### What the exercise asks
Write how many lines in the records below include the string "only". No other text should be given.

Segment Start: Working data

lemma sum_sgn2_Tr_mult_power_i:
  "(\<Sum>x\<in>UNIV. sgn2 (Tr t (x * c)) * \<i> ^ card (coord_support t \<alpha> x))
    = (1 + \<i>) ^ t * (-\<i>) ^ card (coord_support t \<alpha> c)"
proof -
  have C: "coord_support t \<alpha> c \<subseteq> {..<t}"
    by (auto simp: coord_support_def)
  have "(\<Sum>x\<in>UNIV. sgn2 (Tr t (x * c)) * \<i> ^ card (coord_support t \<alpha> x))
      = (\<Sum>S\<in>Pow {..<t}. (-1) ^ card (S \<inter> coord_support t \<alpha> c) * \<i> ^ card S)"
    by (subst sum.reindex_bij_betw[OF bij_betw_sum_basis, symmetric])
       (intro sum.cong refl, simp add: Tr_mult_iff_odd_card coord_support_sum_basis sgn2_odd)
  also have "\<dots> = (1 + \<i>) ^ t * (-\<i>) ^ card (coord_support t \<alpha> c)"
    using sum_Pow_sign_power_i[OF finite_lessThan C] by simp
  finally show ?thesis .
qed

lemma power_i_coord_support_add:
  "\<i> ^ card (coord_support t \<alpha> y) * (-\<i>) ^ card (coord_support t \<alpha> (y + e))
    = (-\<i>) ^ card (coord_support t \<alpha> e) * sgn2 (Tr t (y * e))"
  unfolding coord_support_add Tr_mult_iff_odd_card sgn2_odd
  by (rule power_i_card_sym_diff) (simp_all add: coord_support_def)

lemma negabent_sum_eq_walsh_twisted:
  "(\<Sum>(x, y)\<in>UNIV. sgn2 (Tr t (x * y ^ (2 ^ k)) \<noteq> u y) * sgn2 (Tr t (a * x))
      * sgn2 (Tr t (b * y)) * \<i> ^ wt t \<alpha> x y)
    = (1 + \<i>) ^ t * walsh t (twisted t \<alpha> u k a) b"
proof -
  let ?cs = "coord_support t \<alpha>"
  have split: "sgn2 (Tr t (x * y ^ (2 ^ k)) \<noteq> u y) * sgn2 (Tr t (a * x))
      * sgn2 (Tr t (b * y)) * \<i> ^ wt t \<alpha> x y
    = (sgn2 (u y) * sgn2 (Tr t (b * y)) * \<i> ^ card (?cs y))
      * (sgn2 (Tr t (x * (y ^ (2 ^ k) + a))) * \<i> ^ card (?cs x))" for x y
  proof -
    have "sgn2 (Tr t (x * (y ^ (2 ^ k) + a))) = sgn2 (Tr t (x * y ^ (2 ^ k))) * sgn2 (Tr t (a * x))"
      by (simp only: distrib_left Tr_add sgn2_xor mult.commute[of x a])
    then show ?thesis
      by (simp only: sgn2_xor wt_eq_card_coord_support power_add mult_ac)
  qed
  have "(\<Sum>(x, y)\<in>UNIV. sgn2 (Tr t (x * y ^ (2 ^ k)) \<noteq> u y) * sgn2 (Tr t (a * x))
      * sgn2 (Tr t (b * y)) * \<i> ^ wt t \<alpha> x y)
    = (\<Sum>y\<in>UNIV. (sgn2 (u y) * sgn2 (Tr t (b * y)) * \<i> ^ card (?cs y))
      * (\<Sum>x\<in>UNIV. sgn2 (Tr t (x * (y ^ (2 ^ k) + a))) * \<i> ^ card (?cs x)))"
    unfolding split sum_distrib_left
    by (subst sum.swap) (simp add: sum.cartesian_product flip: UNIV_Times_UNIV)
  also have "\<dots> = (1 + \<i>) ^ t * walsh t (twisted t \<alpha> u k a) b"
    unfolding sum_sgn2_Tr_mult_power_i walsh_def twisted_def sum_distrib_left
    by (intro sum.cong refl) (simp only: mult_ac)
  finally show ?thesis .
qed

text \<open>Both \<i>-power factors collapse by power_i_coord_support_add, and the two signs
  Tr(y e) and Tr(y^(2^k) e^(2^k)) they leave behind coincide.\<close>
lemma autocorrelation_twisted:
  "autocorrelation (twisted t \<alpha> u k a) e
    = (-\<i>) ^ card (coord_support t \<alpha> e) * \<i> ^ card (coord_support t \<alpha> (e ^ (2 ^ k)))
      * sgn2 (Tr t (a * e ^ (2 ^ k))) * autocorrelation (\<lambda>y. sgn2 (u y)) e"
proof -
  let ?cs = "coord_support t \<alpha>" and ?e = "e ^ (2 ^ k)"
  have "twisted t \<alpha> u k a y * cnj (twisted t \<alpha> u k a (y + e))
      = (-\<i>) ^ card (?cs e) * \<i> ^ card (?cs ?e) * sgn2 (Tr t (a * ?e))
        * (sgn2 (u y) * cnj (sgn2 (u (y + e))))" for y
  proof -
    let ?z = "y ^ (2 ^ k) + a"
    have shift: "(y + e) ^ (2 ^ k) + a = ?z + ?e"
      by (simp add: power_two_power_add ac_simps)
    have conj: "(-\<i>) ^ card (?cs ?z) * \<i> ^ card (?cs (?z + ?e)) = \<i> ^ card (?cs ?e) * sgn2 (Tr t (?z * ?e))"
      using arg_cong[OF power_i_coord_support_add[of ?z ?e], of cnj] by simp
    have "Tr t (?z * ?e) \<longleftrightarrow> Tr t ((y * e) ^ (2 ^ k) + a * ?e)"
      by (simp only: distrib_right power_mult_distrib)
    then have sign: "sgn2 (Tr t (?z * ?e)) = sgn2 (Tr t (y * e)) * sgn2 (Tr t (a * ?e))"
      by (simp only: Tr_add sgn2_xor Tr_power_two_power)
    have "twisted t \<alpha> u k a y * cnj (twisted t \<alpha> u k a (y + e))
        = sgn2 (u y) * sgn2 (u (y + e)) * (\<i> ^ card (?cs y) * (-\<i>) ^ card (?cs (y + e)))
          * ((-\<i>) ^ card (?cs ?z) * \<i> ^ card (?cs (?z + ?e)))"
      unfolding twisted_def shift by (simp add: mult_ac)
    also have "\<dots> = sgn2 (u y) * sgn2 (u (y + e)) * ((-\<i>) ^ card (?cs e) * sgn2 (Tr t (y * e)))
          * (\<i> ^ card (?cs ?e) * (sgn2 (Tr t (y * e)) * sgn2 (Tr t (a * ?e))))"
      by (simp only: power_i_coord_support_add conj sign)
    also have "\<dots> = (-\<i>) ^ card (?cs e) * \<i> ^ card (?cs ?e) * sgn2 (Tr t (a * ?e))
        * (sgn2 (u y) * sgn2 (u (y + e))) * (sgn2 (Tr t (y * e)) * sgn2 (Tr t (y * e)))"
      by (simp only: mult_ac)
    finally show ?thesis
      by simp
  qed
  then show ?thesis
    unfolding autocorrelation_def sum_distrib_left by simp
qed
lemma res_dvd_Delta:
  assumes "j \<in> {1, 2, 3}" "k \<in> {1, 2, 3}" "j \<noteq> k"
  shows "res a b j k dvd Delta a b"
  using assms unfolding Delta_def by (auto simp: res_swap[of a b _ "Suc 0"] res_swap[of a b 3 2])

text \<open>Cramer's rule: any of three binary forms is a combination of the other two.\<close>
lemma res_mult_lin:
  "res a b j k * lin a b i x y = res a b i k * lin a b j x y - res a b i j * lin a b k x y"
  unfolding res_def lin_def by (simp add: algebra_simps)

lemma indices_distinct:
  assumes "{i, j, k} = {1, 2, 3 :: nat}"
  shows "i \<noteq> j" "i \<noteq> k" "j \<noteq> k"
  using arg_cong[OF assms, of card] by (auto simp: card_insert_if split: if_splits)

lemma rho_prime_powers:
  fixes e :: "nat \<Rightarrow> nat"
  assumes ijk: "{i, j, k} = {1, 2, 3}"
  shows "rho a b (p ^ e 1) (p ^ e 2) (p ^ e 3) = square_count (int p ^ (e i + e j + e k))
    (\<lambda>x y. \<forall>m \<in> {i, j, k}. int p ^ e m dvd lin a b m x y)"
proof -
  have "e i + e j + e k = e 1 + e 2 + e 3"
    using arg_cong[OF ijk, of "sum e"] indices_distinct[OF ijk] by simp
  then show ?thesis
    unfolding ijk by (simp add: rho_def square_count_def power_add conj_commute conj_left_commute)
qed

lemma square_count_lin_prime_power:
  assumes "Delta a b \<noteq> 0" and p: "prime p" and "m \<in> {1, 2, 3}"
    and "min e (multiplicity (int p) (ell a b m)) = 0"
  shows "square_count (int p ^ e) (\<lambda>x y. int p ^ e dvd lin a b m x y) = p ^ e"
proof -
  have "a m \<noteq> 0 \<or> b m \<noteq> 0"
    using assms(1,3) unfolding Delta_def res_def by auto
  moreover have "coprime (gcd (a m) (b m)) (int p ^ e)"
    using assms calculation unfolding ell_def
    by (intro coprime_prime_power_if_min_multiplicity_eq_0) simp_all
  ultimately show ?thesis
    using prime_gt_0_nat[OF p] square_count_one_form[of "int p ^ e" "a m" "b m"]
    by (simp add: lin_def nat_power_eq)
qed

lemma rho_prime_powers_if_not_dvd_Delta:
  fixes e :: "nat \<Rightarrow> nat"
  assumes p: "prime p" and ijk: "{i, j, k} = {1, 2, 3}" and "e i \<le> e j" "e i \<le> e k"
    and "\<not> int p dvd Delta a b"
  shows "rho a b (p ^ e 1) (p ^ e 2) (p ^ e 3) = p ^ (2 * e i + e j + e k)"
proof -
  let ?N = "e i + e j + e k"
  have "res a b j k dvd Delta a b"
    using ijk indices_distinct[OF ijk] by (intro res_dvd_Delta) auto
  then have "coprime (int p) (res a b j k)"
    using assms(5) p by (intro prime_imp_coprime) (auto dest: dvd_trans)
  then have cop: "coprime (res a b j k) (int p ^ e i)" "coprime (res a b j k) (int p ^ ?N)"
    by (simp_all add: coprime_commute)
  have "int p ^ e i dvd lin a b i x y"
    if "int p ^ e j dvd lin a b j x y" "int p ^ e k dvd lin a b k x y" for x y
  proof -
    have "int p ^ e i dvd lin a b j x y" "int p ^ e i dvd lin a b k x y"
      using that assms(3,4) by (meson dvd_trans le_imp_power_dvd)+
    then have "int p ^ e i dvd res a b j k * lin a b i x y"
      unfolding res_mult_lin[of a b j k i] by simp
    then show ?thesis
      using cop(1) by (simp add: coprime_commute coprime_dvd_mult_right_iff)
  qed
  then have "rho a b (p ^ e 1) (p ^ e 2) (p ^ e 3) = square_count (int p ^ ?N)
      (\<lambda>x y. int p ^ e j dvd a j * x + b j * y \<and> int p ^ e k dvd a k * x + b k * y)"
    unfolding rho_prime_powers[OF ijk]
    by (intro square_count_cong) (auto simp: lin_def)
  also have "\<dots> = nat (int p ^ ?N div int p ^ e j) * nat (int p ^ ?N div int p ^ e k)"
    using prime_gt_0_nat[OF p] cop(2)
    by (intro square_count_two_forms) (simp_all add: le_imp_power_dvd res_def)
  also have "\<dots> = p ^ (2 * e i + e j + e k)"
    using prime_gt_0_nat[OF p] by (simp add: nat_power_div_power power_add[symmetric] add_ac mult_2)
  finally show ?thesis .
qed
lemma Gdist_le_sqrt_match_cost:
  assumes "mset xs = X" "mset ys = Y"
  shows "Gdist X Y \<le> sqrt (match_cost xs ys)"
  unfolding Gdist_def match_cost_def
  by (rule Min_le[OF Gdist_candidates_finite]) (use assms in blast)

lemma Gdist_attained:
  obtains xs ys where "mset xs = X" "mset ys = Y" "Gdist X Y = sqrt (match_cost xs ys)"
proof -
  have "{sqrt (\<Sum>i<length xs. (norm (xs ! i - ys ! i))\<^sup>2) | xs ys.
           mset xs = X \<and> mset ys = Y} \<noteq> {}"
    using ex_mset[of X] ex_mset[of Y] by blast
  from Min_in[OF Gdist_candidates_finite this] show ?thesis
    using that unfolding Gdist_def match_cost_def by auto
qed

lemma Gdist_nonneg: "Gdist X Y \<ge> 0"
  by (rule Gdist_attained[of X Y]) (simp add: match_cost_nonneg)

lemma interpolation_if_sqdist_split:
  fixes a b z :: "'i \<Rightarrow> 'a::real_inner"
  assumes "finite I" "0 \<le> t" "t \<le> 1"
    and az: "(\<Sum>i\<in>I. (norm (a i - z i))\<^sup>2) = t\<^sup>2 * G\<^sup>2"
    and zb: "(\<Sum>i\<in>I. (norm (z i - b i))\<^sup>2) = (1 - t)\<^sup>2 * G\<^sup>2"
    and ab: "G\<^sup>2 \<le> (\<Sum>i\<in>I. (norm (a i - b i))\<^sup>2)"
  shows "\<forall>i\<in>I. z i = (1 - t) *\<^sub>R a i + t *\<^sub>R b i"
proof -
  let ?e = "\<lambda>i. (norm (z i - ((1 - t) *\<^sub>R a i + t *\<^sub>R b i)))\<^sup>2"
  have pointwise: "?e i = (1 - t)\<^sup>2 * (norm (a i - z i))\<^sup>2 + t\<^sup>2 * (norm (z i - b i))\<^sup>2
     + t * (1 - t) * ((norm (a i - z i))\<^sup>2 + (norm (z i - b i))\<^sup>2 - (norm (a i - b i))\<^sup>2)" for i
  proof -
    define u v where "u = z i - a i" and "v = z i - b i"
    have "z i - ((1 - t) *\<^sub>R a i + t *\<^sub>R b i) = (1 - t) *\<^sub>R u + t *\<^sub>R v"
      "a i - z i = - u" "a i - b i = v - u" "z i - b i = v"
      unfolding u_def v_def by (simp_all add: algebra_simps)
    then show ?thesis unfolding norm_minus_cancel power2_norm_eq_inner
      by (simp add: power2_eq_square algebra_simps inner_commute)
  qed
  have "(\<Sum>i\<in>I. ?e i) = (1 - t)\<^sup>2 * (\<Sum>i\<in>I. (norm (a i - z i))\<^sup>2)
      + t\<^sup>2 * (\<Sum>i\<in>I. (norm (z i - b i))\<^sup>2) + t * (1 - t) * ((\<Sum>i\<in>I. (norm (a i - z i))\<^sup>2)
      + (\<Sum>i\<in>I. (norm (z i - b i))\<^sup>2) - (\<Sum>i\<in>I. (norm (a i - b i))\<^sup>2))"
    unfolding pointwise by (simp add: sum.distrib sum_distrib_left sum_subtractf algebra_simps)
  also have "\<dots> \<le> (1 - t)\<^sup>2 * (t\<^sup>2 * G\<^sup>2) + t\<^sup>2 * ((1 - t)\<^sup>2 * G\<^sup>2)
      + t * (1 - t) * (t\<^sup>2 * G\<^sup>2 + (1 - t)\<^sup>2 * G\<^sup>2 - G\<^sup>2)"
    unfolding az zb using ab assms(2,3) by (intro add_left_mono mult_left_mono) auto
  also have "\<dots> = 0" by (simp add: power2_eq_square algebra_simps)
  finally have "(\<Sum>i\<in>I. ?e i) \<le> 0" .
  then have "\<forall>i\<in>I. ?e i = 0"
    using sum_nonneg_eq_0_iff[of I ?e] assms(1) by (simp add: sum_nonneg antisym)
  then show ?thesis by simp
qed

lemma match_cost_interpolation:
  fixes t :: real
  assumes "length bs = length as"
  defines "zs \<equiv> map2 (\<lambda>a b. (1 - t) *\<^sub>R a + t *\<^sub>R b) as bs"
  shows "match_cost as zs = t\<^sup>2 * match_cost as bs"
    and "match_cost zs bs = (1 - t)\<^sup>2 * match_cost as bs"
proof -
  have "as ! i - zs ! i = t *\<^sub>R (as ! i - bs ! i)"
    and "zs ! i - bs ! i = (1 - t) *\<^sub>R (as ! i - bs ! i)" if "i < length as" for i
    using that assms(1) unfolding zs_def by (simp_all add: algebra_simps)
  then show "match_cost as zs = t\<^sup>2 * match_cost as bs"
    and "match_cost zs bs = (1 - t)\<^sup>2 * match_cost as bs"
    using assms(1) unfolding match_cost_def zs_def
    by (simp_all add: sum_distrib_left power_mult_distrib)
qed

lemma geodesic_point_interpolates:
  assumes geo: "is_geodesic Q \<gamma> A B" and t: "t \<in> {0..1}"
  obtains as bs where "mset as = A" "mset bs = B" "match_cost as bs = (Gdist A B)\<^sup>2"
    "\<gamma> t = mset (map2 (\<lambda>a b. (1 - t) *\<^sub>R a + t *\<^sub>R b) as bs)"
proof -
  define G where "G = Gdist A B"
  have G_nonneg: "G \<ge> 0" unfolding G_def by (rule Gdist_nonneg)
  have ends: "\<gamma> 0 = A" "\<gamma> 1 = B" and in_QPoints: "\<forall>s\<in>{0..1}. \<gamma> s \<in> QPoints Q"
    and scaled: "\<forall>r\<in>{0..1}. \<forall>s\<in>{0..1}. Gdist (\<gamma> r) (\<gamma> s) = \<bar>s - r\<bar> * G"
    using geo unfolding is_geodesic_def G_def by auto
  have sizes: "size A = Q" "size B = Q" "size (\<gamma> t) = Q"
    using in_QPoints ends t by (force simp: QPoints_def)+
  have "Gdist A (\<gamma> t) = t * G" "Gdist (\<gamma> t) B = (1 - t) * G"
    using scaled[rule_format, of 0 t] scaled[rule_format, of t 1] ends t by auto
  moreover obtain as zs where as: "mset as = A" and zs: "mset zs = \<gamma> t"
    and "Gdist A (\<gamma> t) = sqrt (match_cost as zs)"
    by (rule Gdist_attained)
  moreover obtain zs' bs' where "mset zs' = \<gamma> t" and bs': "mset bs' = B"
    and "Gdist (\<gamma> t) B = sqrt (match_cost zs' bs')"
    by (rule Gdist_attained)
  \<comment> \<open>Re-index the second matching so that both use the same listing \<open>zs\<close> of \<open>\<gamma> t\<close>.\<close>
  moreover obtain bs where bs: "mset bs = B" and "match_cost zs bs = match_cost zs' bs'"
    by (rule match_cost_permute[of zs zs' bs'])
       (use zs bs' \<open>mset zs' = \<gamma> t\<close> sizes in \<open>auto dest: arg_cong[of _ _ size]\<close>)
  ultimately have az: "match_cost as zs = t\<^sup>2 * G\<^sup>2" and zb: "match_cost zs bs = (1 - t)\<^sup>2 * G\<^sup>2"
    by (metis match_cost_nonneg power_mult_distrib real_sqrt_pow2)+
  have ab: "G\<^sup>2 \<le> match_cost as bs"
    using Gdist_le_sqrt_match_cost[OF as bs] G_nonneg match_cost_nonneg unfolding G_def
    by (metis power_mono real_sqrt_pow2)
  have len: "length as = Q" "length zs = Q" "length bs = Q"
    using as zs bs sizes by (metis size_mset)+
  have zs_eq: "zs = map2 (\<lambda>a b. (1 - t) *\<^sub>R a + t *\<^sub>R b) as bs"
  proof -
    have "\<forall>i\<in>{..<Q}. zs ! i = (1 - t) *\<^sub>R as ! i + t *\<^sub>R bs ! i"
      by (rule interpolation_if_sqdist_split[where G = G])
         (use t az zb ab len in \<open>auto simp: match_cost_def\<close>)
    then show ?thesis using len by (intro nth_equalityI) auto
  qed
  have "match_cost as bs = G\<^sup>2"
    using az zb match_cost_interpolation[of bs as t] len unfolding zs_eq by auto
  then show ?thesis
    unfolding G_def by (intro that[OF as bs]) (use zs zs_eq in auto)
qed

lemma finite_set_separated:
  fixes S :: "'a::metric_space set"
  assumes "finite S"
  obtains \<delta> where "\<delta> > 0" "\<forall>x\<in>S. \<forall>y\<in>S. x \<noteq> y \<longrightarrow> 2 * \<delta> \<le> dist x y"
proof -
  let ?D = "(\<lambda>(x, y). dist x y) ` {(x, y) \<in> S \<times> S. x \<noteq> y}"
  have "finite ?D"
    by (rule finite_imageI, rule finite_subset[of _ "S \<times> S"]) (use assms in auto)
  show ?thesis
  proof (cases "?D = {}")
    case True
    then show ?thesis using that[of 1] by auto
  next
    case False
    have "Min ?D > 0" using Min_in[OF \<open>finite ?D\<close> False] by auto
    then show ?thesis using that[of "Min ?D / 2"] Min_le[OF \<open>finite ?D\<close>] by fastforce
  qed
qed

lemma eq_if_dist_lt_half_separation:
  assumes sep: "\<forall>x\<in>S. \<forall>y\<in>S. x \<noteq> y \<longrightarrow> 2 * \<delta> \<le> dist x y"
    and "x \<in> S" "y \<in> S" "dist p x < \<delta>" "dist p y < \<delta>"
  shows "x = y"
proof (rule ccontr)
  assume "x \<noteq> y"
  then have "2 * \<delta> \<le> dist x y" using sep assms(2,3) by auto
  moreover have "dist x y \<le> dist p x + dist p y" by (metis dist_commute dist_triangle)
  ultimately show False using assms(4,5) by auto
qed

lemma inj_on_if_displacement_lt_half_separation:
  assumes sep: "\<forall>x\<in>S. \<forall>y\<in>S. x \<noteq> y \<longrightarrow> 2 * \<delta> \<le> dist x y"
    and moves: "\<forall>x\<in>S. dist (f x) x < \<delta>"
  shows "inj_on f S"
proof (rule inj_onI)
  fix x y assume "x \<in> S" "y \<in> S" "f x = f y"
  then show "x = y" using eq_if_dist_lt_half_separation[OF sep, of x y "f x"] moves by auto
qed

lemma close_matching_is_map:
  assumes sep: "\<forall>x\<in>set as. \<forall>y\<in>set as. x \<noteq> y \<longrightarrow> 2 * \<delta> \<le> dist x y"
    and len: "length bs = length as"
    and close: "\<forall>i<length as. dist (as ! i) (bs ! i) < \<delta>"
    and card: "card (set bs) = card (set as)"
  obtains g where "bs = map g as"
proof -
  \<comment> \<open>\<open>h\<close> is onto \<open>set as\<close>, hence injective by counting; its inverse is the required map.\<close>
  define h where "h b = (SOME a. a \<in> set as \<and> dist b a < \<delta>)" for b
  have h_nth: "h (bs ! i) = as ! i" if "i < length as" for i
  proof -
    have near: "as ! i \<in> set as \<and> dist (bs ! i) (as ! i) < \<delta>"
      using close that by (auto simp: dist_commute)
    then have "h (bs ! i) \<in> set as \<and> dist (bs ! i) (h (bs ! i)) < \<delta>"
      unfolding h_def by (rule someI)
    then show ?thesis using eq_if_dist_lt_half_separation[OF sep] near by blast
  qed
  have "h ` set bs = set as"
  proof
    show "h ` set bs \<subseteq> set as"
      using h_nth len by (auto simp: in_set_conv_nth) blast
    show "set as \<subseteq> h ` set bs"
    proof
      fix a assume "a \<in> set as"
      then obtain i where "i < length as" "a = as ! i" by (auto simp: in_set_conv_nth)
      then show "a \<in> h ` set bs" using h_nth len by (metis image_eqI nth_mem)
    qed
  qed
  then have inj: "inj_on h (set bs)" using card by (intro eq_card_imp_inj_on) auto
  have "bs ! i = inv_into (set bs) h (as ! i)" if "i < length as" for i
    using inv_into_f_f[OF inj, of "bs ! i"] h_nth[OF that] len that by simp
  then have "bs = map (inv_into (set bs) h) as"
    using len by (intro nth_equalityI) auto
  then show ?thesis by (rule that)
qed

lemma signature_image_mset:
  assumes "inj_on f (set_mset A)"
  shows "signature (image_mset f A) = signature A"
proof -
  have count_image: "count (image_mset f A) (f x) = count A x" if "x \<in># A" for x
  proof -
    have "f -` {f x} \<inter> set_mset A = {x}" using assms that by (auto dest: inj_onD)
    then show ?thesis by (simp add: count_image_mset)
  qed
  have "image_mset (count (image_mset f A)) (mset_set (set_mset (image_mset f A)))
      = image_mset (count (image_mset f A)) (image_mset f (mset_set (set_mset A)))"
    by (simp add: image_mset_mset_set[OF assms])
  also have "\<dots> = image_mset (count A) (mset_set (set_mset A))"
    by (auto simp: multiset.map_comp comp_def count_image intro!: image_mset_cong)
  finally show ?thesis unfolding signature_def using card_image[OF assms] by simp
qed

Segment End: Working data

### Written solution
7